(TASK INSTRUCTIONS): Go over the entries below line by line, copying each one that contains the word "unfolding".

(Saved data entries)
-- Opening Marker --

definition nonsingular_cov :: "'a measure \<Rightarrow> ('a \<Rightarrow> 'b::euclidean_space) \<Rightarrow> 'b \<Rightarrow> bool" where
  "nonsingular_cov M Y mu \<longleftrightarrow> (\<forall>v. cov_op M Y mu v = 0 \<longrightarrow> v = 0)"

text \<open>Empirical-likelihood dual objective with K machines and n observations each
  (0-based indices i < K, j < n), N = n K.\<close>
definition el_dom :: "(nat \<Rightarrow> nat \<Rightarrow> 'a \<Rightarrow> 'b::euclidean_space) \<Rightarrow> 'b \<Rightarrow> nat \<Rightarrow> nat \<Rightarrow> 'a \<Rightarrow> 'b set" where
  "el_dom X mu K n \<omega> = {l. \<forall>i<K. \<forall>j<n. 1 + l \<bullet> (X i j \<omega> - mu) > 0}"

definition el_obj :: "(nat \<Rightarrow> nat \<Rightarrow> 'a \<Rightarrow> 'b::euclidean_space) \<Rightarrow> 'b \<Rightarrow> nat \<Rightarrow> nat \<Rightarrow> 'a \<Rightarrow> 'b \<Rightarrow> real" where
  "el_obj X mu K n \<omega> l = - (1 / real (n * K)) * (\<Sum>i<K. \<Sum>j<n. ln (1 + l \<bullet> (X i j \<omega> - mu)))"

definition el_argmin :: "(nat \<Rightarrow> nat \<Rightarrow> 'a \<Rightarrow> 'b::euclidean_space) \<Rightarrow> 'b \<Rightarrow> nat \<Rightarrow> nat \<Rightarrow> 'a \<Rightarrow> 'b \<Rightarrow> bool" where
  "el_argmin X mu K n \<omega> l \<longleftrightarrow> l \<in> el_dom X mu K n \<omega> \<and>
     (\<forall>l'\<in>el_dom X mu K n \<omega>. el_obj X mu K n \<omega> l \<le> el_obj X mu K n \<omega> l')"

end

theory Submission
  imports Defs
begin

text \<open>
  Write z_ij = X_ij - mu0 and N = n K. Outside three bad events, every observation satisfies
  norm z_ij \<le> eta sqrt n, the sum of the z_ij is O(sqrt N), and the empirical second moment
  form sum (theta . z_ij)^2 is at least c N on the unit sphere (c from the nonsingular
  covariance). Then ln (1 + t) \<le> t - t^2/3 makes the concave dual objective
  sum ln (1 + l . z_ij) negative on the sphere of radius a / sqrt N, so its maximiser lies in
  that ball, and every l within C1 / sqrt n of it has norm l \<le> (a + C1) / sqrt n and hence
  \<bar>l . z_ij\<bar> \<le> (a + C1) eta, which is small for small eta.

  The bad events are unlikely: the large-observation event by a union bound over the N
  observations and the tail of the beta-th moment, where K = O(N^(1 - 2/beta)) gives
  N = O(n^(beta/2)); the other two by Chebyshev's inequality for sums of i.i.d. centred
  variables, coordinatewise for the mean and entrywise (using the fourth moment) for the
  second moment matrix.
\<close>

lemma
  assumes Y: "Y \<in> borel_measurable M" and Z: "Z \<in> borel_measurable M"
    and same: "distr M borel Y = distr M borel Z"
    and f: "f \<in> borel_measurable borel"
  shows integrable_comp_identical_distr:
      "integrable M (\<lambda>\<omega>. f (Y \<omega>)) \<longleftrightarrow> integrable M (\<lambda>\<omega>. (f (Z \<omega>) :: real))"
    and integral_comp_identical_distr:
      "integral\<^sup>L M (\<lambda>\<omega>. f (Y \<omega>)) = integral\<^sup>L M (\<lambda>\<omega>. (f (Z \<omega>) :: real))"
proof -
  have "integrable M (\<lambda>\<omega>. f (Y \<omega>)) \<longleftrightarrow> integrable (distr M borel Y) f"
    using Y f by (simp add: integrable_distr_eq)
  also have "\<dots> \<longleftrightarrow> integrable M (\<lambda>\<omega>. f (Z \<omega>))"
    unfolding same using Z f by (simp add: integrable_distr_eq)
  finally show "integrable M (\<lambda>\<omega>. f (Y \<omega>)) \<longleftrightarrow> integrable M (\<lambda>\<omega>. f (Z \<omega>))" .
  have "integral\<^sup>L M (\<lambda>\<omega>. f (Y \<omega>)) = integral\<^sup>L (distr M borel Y) f"
    using Y f by (simp add: integral_distr)
  also have "\<dots> = integral\<^sup>L M (\<lambda>\<omega>. f (Z \<omega>))"
    unfolding same using Z f by (simp add: integral_distr)
  finally show "integral\<^sup>L M (\<lambda>\<omega>. f (Y \<omega>)) = integral\<^sup>L M (\<lambda>\<omega>. f (Z \<omega>))" .
qed

lemma measure_identical_distr:
  assumes Y: "Y \<in> borel_measurable M" and Z: "Z \<in> borel_measurable M"
    and same: "distr M borel Y = distr M borel Z"
    and A: "A \<in> sets borel"
  shows "measure M {\<omega>\<in>space M. Y \<omega> \<in> A} = measure M {\<omega>\<in>space M. Z \<omega> \<in> A}"
proof -
  have "measure M {\<omega>\<in>space M. Y \<omega> \<in> A} = measure (distr M borel Y) A"
    using Y A by (simp add: measure_distr vimage_def Int_def conj_commute)
  also have "\<dots> = measure M {\<omega>\<in>space M. Z \<omega> \<in> A}"
    unfolding same using Z A by (simp add: measure_distr vimage_def Int_def conj_commute)
  finally show ?thesis .
qed

lemma (in prob_space)
  fixes Y :: "'i \<Rightarrow> 'a \<Rightarrow> 'b::topological_space" and g :: "'b \<Rightarrow> real"
  assumes meas[measurable]: "\<And>k. Y k \<in> borel_measurable M" "Y0 \<in> borel_measurable M"
    and indep: "indep_vars (\<lambda>_. borel) Y I"
    and ident: "\<And>k. k \<in> I \<Longrightarrow> distr M borel (Y k) = distr M borel Y0"
    and g[measurable]: "g \<in> borel_measurable borel"
    and square_int: "integrable M (\<lambda>\<omega>. (g (Y0 \<omega>))\<^sup>2)"
    and centered: "integral\<^sup>L M (\<lambda>\<omega>. g (Y0 \<omega>)) = 0"
    and fin: "finite I"
  shows integrable_square_sum_indep:
      "integrable M (\<lambda>\<omega>. (\<Sum>k\<in>I. g (Y k \<omega>))\<^sup>2)"
    and integral_square_sum_indep:
      "integral\<^sup>L M (\<lambda>\<omega>. (\<Sum>k\<in>I. g (Y k \<omega>))\<^sup>2) = card I * integral\<^sup>L M (\<lambda>\<omega>. (g (Y0 \<omega>))\<^sup>2)"
proof -
  define Z where "Z k \<omega> = g (Y k \<omega>)" for k \<omega>
  have Z_meas[measurable]: "Z k \<in> borel_measurable M" for k
    unfolding Z_def by measurable
  have Z_square_int: "integrable M (\<lambda>\<omega>. (Z k \<omega>)\<^sup>2)"
    and Z_square: "integral\<^sup>L M (\<lambda>\<omega>. (Z k \<omega>)\<^sup>2) = integral\<^sup>L M (\<lambda>\<omega>. (g (Y0 \<omega>))\<^sup>2)"
    if "k \<in> I" for k
    using integrable_comp_identical_distr[OF meas(1,2) ident[OF that], of "\<lambda>x. (g x)\<^sup>2"]
      integral_comp_identical_distr[OF meas(1,2) ident[OF that], of "\<lambda>x. (g x)\<^sup>2"] square_int
    unfolding Z_def by auto
  have Z_int: "integrable M (Z k)" if "k \<in> I" for k
    by (rule square_integrable_imp_integrable[OF Z_meas Z_square_int[OF that]])
  have Z_mean: "integral\<^sup>L M (Z k) = 0" if "k \<in> I" for k
    using integral_comp_identical_distr[OF meas(1,2) ident[OF that] g] centered
    unfolding Z_def by simp
  have Z_indep: "indep_vars (\<lambda>_. borel) Z I"
    unfolding Z_def using indep_vars_compose2[OF indep, of "\<lambda>_. g" "\<lambda>_. borel"] by simp
  have pair: "integrable M (\<lambda>\<omega>. Z k \<omega> * Z l \<omega>) \<and> integral\<^sup>L M (\<lambda>\<omega>. Z k \<omega> * Z l \<omega>) = 0"
    if "k \<in> I" "l \<in> I" "k \<noteq> l" for k l
  proof -
    have "indep_vars (\<lambda>_. borel) Z {k, l}"
      by (rule indep_vars_subset[OF Z_indep]) (use that in auto)
    then show ?thesis
      using indep_vars_integrable[of "{k, l}" Z] indep_vars_lebesgue_integral[of "{k, l}" Z]
        that Z_int Z_mean by auto
  qed
  have prod_int: "integrable M (\<lambda>\<omega>. Z k \<omega> * Z l \<omega>)" if "k \<in> I" "l \<in> I" for k l
    using pair[OF that] Z_square_int[OF that(1)] by (cases "k = l") (auto simp: power2_eq_square)
  have cross: "integral\<^sup>L M (\<lambda>\<omega>. Z k \<omega> * Z l \<omega>) = 0" if "k \<in> I" "l \<in> I" "k \<noteq> l" for k l
    using pair[OF that] by blast
  have expand: "(\<Sum>k\<in>I. Z k \<omega>)\<^sup>2 = (\<Sum>k\<in>I. \<Sum>l\<in>I. Z k \<omega> * Z l \<omega>)" for \<omega>
    by (simp add: power2_eq_square sum_product)
  show "integrable M (\<lambda>\<omega>. (\<Sum>k\<in>I. g (Y k \<omega>))\<^sup>2)"
    unfolding Z_def[symmetric] expand using prod_int by auto
  have "integral\<^sup>L M (\<lambda>\<omega>. (\<Sum>k\<in>I. Z k \<omega>)\<^sup>2)
      = (\<Sum>k\<in>I. \<Sum>l\<in>I. integral\<^sup>L M (\<lambda>\<omega>. Z k \<omega> * Z l \<omega>))"
    unfolding expand using prod_int by (simp add: Bochner_Integration.integral_sum)
  also have "\<dots> = (\<Sum>k\<in>I. integral\<^sup>L M (\<lambda>\<omega>. (Z k \<omega>)\<^sup>2))"
  proof (rule sum.cong[OF refl])
    fix k assume k: "k \<in> I"
    have "(\<Sum>l\<in>I - {k}. integral\<^sup>L M (\<lambda>\<omega>. Z k \<omega> * Z l \<omega>)) = 0"
      using cross k by (intro sum.neutral) auto
    then show "(\<Sum>l\<in>I. integral\<^sup>L M (\<lambda>\<omega>. Z k \<omega> * Z l \<omega>)) = integral\<^sup>L M (\<lambda>\<omega>. (Z k \<omega>)\<^sup>2)"
      by (simp add: sum.remove[OF fin k] power2_eq_square)
  qed
  also have "\<dots> = card I * integral\<^sup>L M (\<lambda>\<omega>. (g (Y0 \<omega>))\<^sup>2)"
    using Z_square by simp
  finally show "integral\<^sup>L M (\<lambda>\<omega>. (\<Sum>k\<in>I. g (Y k \<omega>))\<^sup>2)
      = card I * integral\<^sup>L M (\<lambda>\<omega>. (g (Y0 \<omega>))\<^sup>2)"
    unfolding Z_def .
qed

lemma (in prob_space) prob_abs_sum_indep_ge_le:
  fixes Y :: "'i \<Rightarrow> 'a \<Rightarrow> 'b::topological_space" and g :: "'b \<Rightarrow> real"
  assumes meas[measurable]: "\<And>k. Y k \<in> borel_measurable M" "Y0 \<in> borel_measurable M"
    and indep: "indep_vars (\<lambda>_. borel) Y I"
    and ident: "\<And>k. k \<in> I \<Longrightarrow> distr M borel (Y k) = distr M borel Y0"
    and g[measurable]: "g \<in> borel_measurable borel"
    and square_int: "integrable M (\<lambda>\<omega>. (g (Y0 \<omega>))\<^sup>2)"
    and centered: "integral\<^sup>L M (\<lambda>\<omega>. g (Y0 \<omega>)) = 0"
    and fin: "finite I" and t: "t > 0"
  shows "prob {\<omega>\<in>space M. t \<le> \<bar>\<Sum>k\<in>I. g (Y k \<omega>)\<bar>}
           \<le> card I * integral\<^sup>L M (\<lambda>\<omega>. (g (Y0 \<omega>))\<^sup>2) / t\<^sup>2"
proof -
  have "{\<omega>\<in>space M. t \<le> \<bar>\<Sum>k\<in>I. g (Y k \<omega>)\<bar>} = {\<omega>\<in>space M. t\<^sup>2 \<le> (\<Sum>k\<in>I. g (Y k \<omega>))\<^sup>2}"
    using t by (auto simp: abs_le_square_iff[symmetric])
  moreover have "prob {\<omega>\<in>space M. t\<^sup>2 \<le> (\<Sum>k\<in>I. g (Y k \<omega>))\<^sup>2}
      \<le> integral\<^sup>L M (\<lambda>\<omega>. (\<Sum>k\<in>I. g (Y k \<omega>))\<^sup>2) / t\<^sup>2"
    by (rule integral_Markov_inequality_measure[OF integrable_square_sum_indep[OF assms(1-8)],
          where A="space M"]) (use t in auto)
  ultimately show ?thesis
    by (simp only: integral_square_sum_indep[OF assms(1-8)])
qed

lemma (in prob_space) prob_union_abs_sum_indep_ge_le:
  fixes Y :: "'i \<Rightarrow> 'a \<Rightarrow> 'b::topological_space" and g :: "'j \<Rightarrow> 'b \<Rightarrow> real"
  assumes meas[measurable]: "\<And>k. Y k \<in> borel_measurable M" "Y0 \<in> borel_measurable M"
    and indep: "indep_vars (\<lambda>_. borel) Y I"
    and ident: "\<And>k. k \<in> I \<Longrightarrow> distr M borel (Y k) = distr M borel Y0"
    and g[measurable]: "\<And>q. g q \<in> borel_measurable borel"
    and square_int: "\<And>q. q \<in> J \<Longrightarrow> integrable M (\<lambda>\<omega>. (g q (Y0 \<omega>))\<^sup>2)"
    and centered: "\<And>q. q \<in> J \<Longrightarrow> integral\<^sup>L M (\<lambda>\<omega>. g q (Y0 \<omega>)) = 0"
    and fin: "finite I" "finite J" and t: "t > 0"
  shows "prob (\<Union>q\<in>J. {\<omega>\<in>space M. t \<le> \<bar>\<Sum>k\<in>I. g q (Y k \<omega>)\<bar>})
           \<le> card I * (\<Sum>q\<in>J. integral\<^sup>L M (\<lambda>\<omega>. (g q (Y0 \<omega>))\<^sup>2)) / t\<^sup>2"
proof -
  have "prob (\<Union>q\<in>J. {\<omega>\<in>space M. t \<le> \<bar>\<Sum>k\<in>I. g q (Y k \<omega>)\<bar>})
      \<le> (\<Sum>q\<in>J. prob {\<omega>\<in>space M. t \<le> \<bar>\<Sum>k\<in>I. g q (Y k \<omega>)\<bar>})"
    by (rule measure_UNION_le) (use fin in auto)
  also have "\<dots> \<le> (\<Sum>q\<in>J. card I * integral\<^sup>L M (\<lambda>\<omega>. (g q (Y0 \<omega>))\<^sup>2) / t\<^sup>2)"
    by (intro sum_mono prob_abs_sum_indep_ge_le[OF meas indep ident g square_int centered fin(1) t])
  finally show ?thesis
    by (simp add: sum_divide_distrib[symmetric] sum_distrib_left)
qed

-- Closing Marker --

(EXERCISE RESULT):
    unfolding same using Z f by (simp add: integrable_distr_eq)
    unfolding same using Z f by (simp add: integral_distr)
    unfolding same using Z A by (simp add: measure_distr vimage_def Int_def conj_commute)
    unfolding Z_def by measurable
    unfolding Z_def by auto
    unfolding Z_def by simp
    unfolding Z_def using indep_vars_compose2[OF indep, of "\<lambda>_. g" "\<lambda>_. borel"] by simp
    unfolding Z_def[symmetric] expand using prod_int by auto
    unfolding expand using prod_int by (simp add: Bochner_Integration.integral_sum)
    unfolding Z_def .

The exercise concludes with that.